TRY IT -
Go over the data and work out how many lines include the word "auto". Give that number only.

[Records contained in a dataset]
lemma bier_facet_exchange:
  assumes F: "facet_pair A x" and G: "facet_pair A' x'"
    and "bier_facet n A x \<noteq> bier_facet n A' x'"
    and "facet_rank n A' x' \<le> facet_rank n A x"
  shows "\<exists>v \<in> bier_facet n A x - bier_facet n A' x'. \<exists>H \<in> facets (bier n \<Delta>).
    facet_key n H < facet_rank n A x \<and> bier_facet n A x - {v} \<subseteq> H"
proof -
  have x: "x \<in> {1..n}" "x \<notin> A" "x' \<in> {1..n}" "x' \<notin> A'"
    using F G by (simp_all add: facet_pair_def)
  have "(A, x) \<noteq> (A', x')" using assms(3) by auto
  have "\<not> insert x' A' \<subseteq> A"
  proof
    assume "insert x' A' \<subseteq> A"
    with F show False using ideal_down_closed[of A "insert x' A'"] G by (simp add: facet_pair_def)
  qed
  have "\<not> ((\<forall>a \<in> A. x < a \<longrightarrow> a \<in> A') \<and> (\<forall>b \<in> insert x' A'. b < x \<longrightarrow> b \<in> A))"
  proof
    assume no_exchange: "(\<forall>a \<in> A. x < a \<longrightarrow> a \<in> A') \<and> (\<forall>b \<in> insert x' A'. b < x \<longrightarrow> b \<in> A)"
    have "facet_rank n A x < facet_rank n A' x'"
      by (rule facet_rank_less_if_no_exchange[OF facet_pair_subset[OF F] x(1,2)
          facet_pair_subset[OF G] x(3,4) \<open>(A, x) \<noteq> (A', x')\<close> \<open>\<not> insert x' A' \<subseteq> A\<close>])
        (use no_exchange in blast)+
    with assms(4) show False by simp
  qed
  then consider a where "a \<in> A" "a \<notin> A'" "x < a"
    | b where "b \<in> insert x' A'" "b \<notin> A" "b < x"
    by blast
  then show ?thesis
  proof cases
    case (1 a)
    then have "Inl a \<in> bier_facet n A x - bier_facet n A' x'" by (auto simp: bier_facet_def)
    moreover obtain H where "H \<in> facets (bier n \<Delta>)" "facet_key n H < facet_rank n A x"
      "bier_facet n A x - {Inl a} \<subseteq> H"
      using lower_facet_without_Inl[OF F 1(1,3)] by blast
    ultimately show ?thesis by blast
  next
    case (2 b)
    then have "b \<in> {1..n}" using x(3) facet_pair_subset[OF G] by blast
    with 2 have "Inr b \<in> bier_facet n A x - bier_facet n A' x'" by (auto simp: bier_facet_def)
    moreover obtain H where "H \<in> facets (bier n \<Delta>)" "facet_key n H < facet_rank n A x"
      "bier_facet n A x - {Inr b} \<subseteq> H"
      using lower_facet_without_Inr[OF F \<open>b \<in> {1..n}\<close> 2(2,3)] by blast
    ultimately show ?thesis by blast
  qed
qed

lemma shellable_bier: "shellable (bier n \<Delta>)"
proof (rule shellable_if_rank_exchange[OF _ _ pure_card_bier, where rank = "facet_key n"])
  show "finite (facets (bier n \<Delta>))" "\<And>F. F \<in> facets (bier n \<Delta>) \<Longrightarrow> finite F"
    using simplicial_complex_bier unfolding simplicial_complex_def facets_def by auto
  fix F G assume "F \<in> facets (bier n \<Delta>)" "G \<in> facets (bier n \<Delta>)" and "F \<noteq> G"
    and "facet_key n G \<le> facet_key n F"
  moreover obtain A x A' x' where "facet_pair A x" "F = bier_facet n A x"
    and "facet_pair A' x'" "G = bier_facet n A' x'"
    using calculation(1,2) unfolding facets_bier by blast
  ultimately show "\<exists>v \<in> F - G. \<exists>H \<in> facets (bier n \<Delta>). facet_key n H < facet_key n F \<and> F - {v} \<subseteq> H"
    using bier_facet_exchange facet_key_pair by simp
qed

COMPLETED TASK -
4